A tech company searching for the site of its future headquarters may not want to pay for being in the most expensive cities yet would want access to a reasonably sized, skilled tech labor force. $k$-means condenses the data of competitiveness into a simple list of where tech is concentrated. The smaller of the two clusters contains $n = 526$ counties, which is comprised of iconic high-tech areas such as San Francisco and Santa Clara in California as well as large cities such as New York City (New York City) and Seattle (King County, WA). The same cluster finds less expensive and less densely populated alternatives like Durham, NC and Arlington, VA -- both of which are growing centers of technical excellence. In essence, clustering can identify smart alternatives to inform the selection process.
Despite these promising use cases, keep in mind there are limitations. From an ethical perspective, cluster analysis based on the past performance of regions might be a self-fulfilling prophecy. Well-resourced areas will continue to draw more attention and resources, ignoring promising areas.

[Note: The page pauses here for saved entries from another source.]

definition C_lat :: "(real^3) set \<Rightarrow> nat \<Rightarrow> nat" where
  "C_lat L n = Max {touching P | P. P \<subseteq> L \<and> finite P \<and> card P = n \<and> unit_packing P}"

definition C_fcc :: "nat \<Rightarrow> nat" where
  "C_fcc n = C_lat fcc n"

end

theory Submission
  imports Defs
begin

(* Let L be a lattice with minimal norm 2.  Among all bases (v1, v2, v3) of L choose one
   minimising Selling's energy |v1|^2 + |v2|^2 + |v3|^2 + |v1 + v2 + v3|^2.  Such a basis
   is Selling reduced: with v0 = -(v1 + v2 + v3) all inner products vi . vj (i ~= j) of the
   superbase v0, ..., v3 are nonpositive.  Selling's identity writes the inner product of
   two lattice vectors as a positive combination of products of coordinate differences;
   from it we deduce that a minimal vector a v1 + b v2 + c v3 has its superbase coordinates
   (0, a, b, c) within a range of width 1, i.e. (a, b, c) lies in {0,1}^3 or {0,-1}^3.
   After reordering, v2 + v3 is not minimal.  The integral map sending vi to the fcc basis
   vectors fcc_bi is injective and sends every one of these remaining candidates to a
   minimal fcc vector, so it preserves contacts.  An injective contact-preserving map into
   the 2-separated set fcc maps any packing of L to a packing of fcc with at least as many
   touching pairs, which gives C_L(n) <= C_fcc(n). *)

section \<open>Integer spans\<close>

lemma int_span3_memI:
  "x = of_int a *\<^sub>R v1 + of_int b *\<^sub>R v2 + of_int c *\<^sub>R v3 \<Longrightarrow> x \<in> int_span3 v1 v2 v3"
  unfolding int_span3_def by blast

lemma int_span3_E:
  assumes "x \<in> int_span3 v1 v2 v3"
  obtains a b c :: int where "x = of_int a *\<^sub>R v1 + of_int b *\<^sub>R v2 + of_int c *\<^sub>R v3"
  using assms unfolding int_span3_def by blast

lemma int_span3_generators:
  "v1 \<in> int_span3 v1 v2 v3" "v2 \<in> int_span3 v1 v2 v3" "v3 \<in> int_span3 v1 v2 v3"
proof -
  show "v1 \<in> int_span3 v1 v2 v3" by (rule int_span3_memI[where a = 1 and b = 0 and c = 0]) simp
  show "v2 \<in> int_span3 v1 v2 v3" by (rule int_span3_memI[where a = 0 and b = 1 and c = 0]) simp
  show "v3 \<in> int_span3 v1 v2 v3" by (rule int_span3_memI[where a = 0 and b = 0 and c = 1]) simp
qed

lemma int_span3_comb:
  assumes "x \<in> int_span3 v1 v2 v3" "y \<in> int_span3 v1 v2 v3" "z \<in> int_span3 v1 v2 v3"
  shows "of_int p *\<^sub>R x + of_int q *\<^sub>R y + of_int r *\<^sub>R z \<in> int_span3 v1 v2 v3"
proof -
  obtain a1 b1 c1 where x: "x = of_int a1 *\<^sub>R v1 + of_int b1 *\<^sub>R v2 + of_int c1 *\<^sub>R v3"
    using assms(1) by (rule int_span3_E)
  obtain a2 b2 c2 where y: "y = of_int a2 *\<^sub>R v1 + of_int b2 *\<^sub>R v2 + of_int c2 *\<^sub>R v3"
    using assms(2) by (rule int_span3_E)
  obtain a3 b3 c3 where z: "z = of_int a3 *\<^sub>R v1 + of_int b3 *\<^sub>R v2 + of_int c3 *\<^sub>R v3"
    using assms(3) by (rule int_span3_E)
  show ?thesis
    by (rule int_span3_memI[where a = "p*a1 + q*a2 + r*a3" and b = "p*b1 + q*b2 + r*b3"
          and c = "p*c1 + q*c2 + r*c3"])
       (simp add: x y z algebra_simps)
qed

lemma int_span3_diff:
  assumes "x \<in> int_span3 v1 v2 v3" "y \<in> int_span3 v1 v2 v3"
  shows "x - y \<in> int_span3 v1 v2 v3"
  using int_span3_comb[OF assms assms(1), of 1 "-1" 0] by simp

lemma int_span3_nat_scale:
  assumes "x \<in> int_span3 v1 v2 v3"
  shows "of_nat k *\<^sub>R x \<in> int_span3 v1 v2 v3"
  using int_span3_comb[OF assms assms assms, of "int k" 0 0] by simp

lemma int_span3_subset:
  assumes "u1 \<in> int_span3 v1 v2 v3" "u2 \<in> int_span3 v1 v2 v3" "u3 \<in> int_span3 v1 v2 v3"
  shows "int_span3 u1 u2 u3 \<subseteq> int_span3 v1 v2 v3"
  by (auto elim!: int_span3_E intro: int_span3_comb[OF assms])

section \<open>Coordinates and changes of basis\<close>

definition coord_map :: "real^3 \<Rightarrow> real^3 \<Rightarrow> real^3 \<Rightarrow> real^3 \<Rightarrow> real^3" where
  "coord_map v1 v2 v3 y = y$1 *\<^sub>R v1 + y$2 *\<^sub>R v2 + y$3 *\<^sub>R v3"

lemma linear_coord_map: "linear (coord_map v1 v2 v3)"
  by (rule linearI) (simp_all add: coord_map_def algebra_simps)

lemma coord_map_vector:
  "coord_map v1 v2 v3 (vector [a, b, c]) = a *\<^sub>R v1 + b *\<^sub>R v2 + c *\<^sub>R v3"
  by (simp add: coord_map_def)

lemma int_span3_in_range: "int_span3 v1 v2 v3 \<subseteq> range (coord_map v1 v2 v3)"
proof
  fix x assume "x \<in> int_span3 v1 v2 v3"
  then obtain a b c :: int where "x = of_int a *\<^sub>R v1 + of_int b *\<^sub>R v2 + of_int c *\<^sub>R v3"
    by (rule int_span3_E)
  then have "x = coord_map v1 v2 v3 (vector [of_int a, of_int b, of_int c])"
    by (simp add: coord_map_vector)
  then show "x \<in> range (coord_map v1 v2 v3)" by blast
qed

lemma lin_indep3_iff_inj: "lin_indep3 v1 v2 v3 \<longleftrightarrow> inj (coord_map v1 v2 v3)"
proof
  assume indep: "lin_indep3 v1 v2 v3"
  show "inj (coord_map v1 v2 v3)"
  proof (rule linear_inj_on_iff_eq_0[THEN iffD2, OF linear_coord_map subspace_UNIV], intro ballI impI)
    fix x assume "coord_map v1 v2 v3 x = 0"
    then have "x$1 = 0 \<and> x$2 = 0 \<and> x$3 = 0"
      using indep unfolding lin_indep3_def coord_map_def by blast
    then show "x = 0" by (simp add: vec_eq_iff forall_3)
  qed
next
  assume inj: "inj (coord_map v1 v2 v3)"
  show "lin_indep3 v1 v2 v3" unfolding lin_indep3_def
  proof (intro allI impI)
    fix a b c :: real assume "a *\<^sub>R v1 + b *\<^sub>R v2 + c *\<^sub>R v3 = 0"
    then have "coord_map v1 v2 v3 (vector [a, b, c]) = coord_map v1 v2 v3 0"
      by (simp add: coord_map_vector linear_0[OF linear_coord_map])
    then have "(vector [a, b, c] :: real^3) = 0" by (rule injD[OF inj])
    then show "a = 0 \<and> b = 0 \<and> c = 0" by (simp add: vec_eq_iff forall_3)
  qed
qed

(* Dimension argument: if three independent vectors are real combinations of u1, u2, u3,
   then u1, u2, u3 span the whole space and are therefore independent. *)
lemma lin_indep3_if_spanned:
  assumes indep: "lin_indep3 v1 v2 v3" and spanned: "{v1, v2, v3} \<subseteq> range (coord_map u1 u2 u3)"
  shows "lin_indep3 u1 u2 u3"
proof -
  let ?U = "range (coord_map u1 u2 u3)"
  have sub: "subspace ?U" by (rule linear_subspace_image[OF linear_coord_map subspace_UNIV])
  have surj_v: "surj (coord_map v1 v2 v3)"
    using indep linear_inj_imp_surj[OF linear_coord_map] by (simp add: lin_indep3_iff_inj)
  have in_U: "coord_map v1 v2 v3 y \<in> ?U" for y
    unfolding coord_map_def[of v1 v2 v3]
    using spanned by (intro subspace_add[OF sub] subspace_scale[OF sub]) auto
  have "x \<in> ?U" for x
  proof -
    obtain y where "x = coord_map v1 v2 v3 y" using surj_v by (metis surjD)
    then show ?thesis using in_U by simp
  qed
  then have "surj (coord_map u1 u2 u3)" by blast
  then show ?thesis
    by (simp add: lin_indep3_iff_inj linear_surj_imp_inj[OF linear_coord_map])
qed

lemma basis_change:
  assumes basis: "is_basis3 L v1 v2 v3"
    and new_in: "u1 \<in> L" "u2 \<in> L" "u3 \<in> L"
    and old_in: "v1 \<in> int_span3 u1 u2 u3" "v2 \<in> int_span3 u1 u2 u3" "v3 \<in> int_span3 u1 u2 u3"
  shows "is_basis3 L u1 u2 u3"
proof -
  have L: "L = int_span3 v1 v2 v3" and indep: "lin_indep3 v1 v2 v3"
    using basis unfolding is_basis3_def by auto
  have "L = int_span3 u1 u2 u3"
    using int_span3_subset[OF old_in] int_span3_subset[OF new_in[unfolded L]] L by blast
  moreover have "lin_indep3 u1 u2 u3"
    using lin_indep3_if_spanned[OF indep] old_in int_span3_in_range by blast
  ultimately show ?thesis unfolding is_basis3_def by blast
qed

lemma basis_mem:
  assumes "is_basis3 L v1 v2 v3" "x = of_int a *\<^sub>R v1 + of_int b *\<^sub>R v2 + of_int c *\<^sub>R v3"
  shows "x \<in> L"
  using assms int_span3_memI unfolding is_basis3_def by blast

lemma basis_swap12: "is_basis3 L v1 v2 v3 \<Longrightarrow> is_basis3 L v2 v1 v3"
  by (rule basis_change) (auto intro: basis_mem[where a=0 and b=1 and c=0]
      basis_mem[where a=1 and b=0 and c=0] basis_mem[where a=0 and b=0 and c=1] int_span3_generators)

lemma basis_swap23: "is_basis3 L v1 v2 v3 \<Longrightarrow> is_basis3 L v1 v3 v2"
  by (rule basis_change) (auto intro: basis_mem[where a=0 and b=1 and c=0]
      basis_mem[where a=1 and b=0 and c=0] basis_mem[where a=0 and b=0 and c=1] int_span3_generators)

lemma basis_replace_first: "is_basis3 L v1 v2 v3 \<Longrightarrow> is_basis3 L (- (v1 + v2 + v3)) v2 v3"
  by (rule basis_change)
     (auto intro: basis_mem[where a="-1" and b="-1" and c="-1"] basis_mem[where a=0 and b=1 and c=0]
      basis_mem[where a=0 and b=0 and c=1] int_span3_generators
      int_span3_memI[where a="-1" and b="-1" and c="-1"])

lemma basis_selling_step: "is_basis3 L v1 v2 v3 \<Longrightarrow> is_basis3 L (- v1) v2 (v3 + v1)"
  by (rule basis_change)
     (auto intro: basis_mem[where a="-1" and b=0 and c=0] basis_mem[where a=0 and b=1 and c=0]
      basis_mem[where a=1 and b=0 and c=1] int_span3_generators
      int_span3_memI[where a="-1" and b=0 and c=0] int_span3_memI[where a=1 and b=0 and c=1])

section \<open>Selling reduction\<close>

(* A lattice has only finitely many vectors in any ball, because the coordinates of a vector
   are bounded by a multiple of its norm (the inverse coordinate map is bounded). *)
lemma finite_short_vectors:
  assumes "is_basis3 L v1 v2 v3"
  shows "finite {x \<in> L. norm x \<le> R}"
proof -
  have L: "L = int_span3 v1 v2 v3" and inj: "inj (coord_map v1 v2 v3)"
    using assms by (auto simp: is_basis3_def lin_indep3_iff_inj)
  obtain B where B: "B > 0" "\<And>x. norm (inv (coord_map v1 v2 v3) x) \<le> B * norm x"
    using linear_bounded_pos[OF inj_linear_imp_inv_linear[OF linear_coord_map inj]] by blast
  define N where "N = \<lceil>B * R\<rceil>"
  have coeff_bound: "\<bar>t\<bar> \<le> N" if "\<bar>real_of_int t\<bar> \<le> B * R" for t :: int
    using that le_of_int_ceiling[of "B * R"] unfolding N_def by linarith
  define comb where "comb = (\<lambda>(a, b, c). of_int a *\<^sub>R v1 + of_int b *\<^sub>R v2 + of_int c *\<^sub>R v3)"
  have "{x \<in> L. norm x \<le> R} \<subseteq> comb ` ({-N..N} \<times> {-N..N} \<times> {-N..N})"
  proof
    fix x assume "x \<in> {x \<in> L. norm x \<le> R}"
    then have xL: "x \<in> int_span3 v1 v2 v3" and short: "norm x \<le> R" using L by auto
    obtain a b c where x: "x = of_int a *\<^sub>R v1 + of_int b *\<^sub>R v2 + of_int c *\<^sub>R v3"
      using xL by (rule int_span3_E)
    let ?y = "vector [of_int a, of_int b, of_int c] :: real^3"
    have "inv (coord_map v1 v2 v3) x = ?y"
      unfolding x coord_map_vector[symmetric] using inj by simp
    then have "norm ?y \<le> B * R"
      using B(2)[of x] mult_left_mono[OF short less_imp_le[OF B(1)]] by simp
    then have "\<bar>?y $ i\<bar> \<le> B * R" for i
      using component_le_norm_cart[of ?y i] by linarith
    from this[of 1] this[of 2] this[of 3] have "\<bar>a\<bar> \<le> N" "\<bar>b\<bar> \<le> N" "\<bar>c\<bar> \<le> N"
      by (auto intro: coeff_bound)
    then show "x \<in> comb ` ({-N..N} \<times> {-N..N} \<times> {-N..N})"
      unfolding x comb_def by (intro image_eqI[where x = "(a, b, c)"]) auto
  qed
  then show ?thesis by (rule finite_subset) simp
qed

(* Selling's energy of the superbase v0, v1, v2, v3 with v0 = -(v1 + v2 + v3). *)
definition superbase_energy :: "real^3 \<Rightarrow> real^3 \<Rightarrow> real^3 \<Rightarrow> real" where
  "superbase_energy v1 v2 v3 = (norm v1)\<^sup>2 + (norm v2)\<^sup>2 + (norm v3)\<^sup>2 + (norm (v1 + v2 + v3))\<^sup>2"

definition selling_reduced :: "(real^3) set \<Rightarrow> real^3 \<Rightarrow> real^3 \<Rightarrow> real^3 \<Rightarrow> bool" where
  "selling_reduced L v1 v2 v3 \<longleftrightarrow> is_basis3 L v1 v2 v3 \<and>
     (\<forall>u1 u2 u3. is_basis3 L u1 u2 u3 \<longrightarrow> superbase_energy v1 v2 v3 \<le> superbase_energy u1 u2 u3)"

Furthermore, clustering on past data does not provide any indication of future performance of counties. For $k$-means, in particular, the outputs are "flat" -- cluster labels are one dimensional and ignores the rich context that shows how some observations are more like some than others. Alternative methods might be more useful in capturing that context. As we will see in the following section, hierarchical clustering is a step in that direction.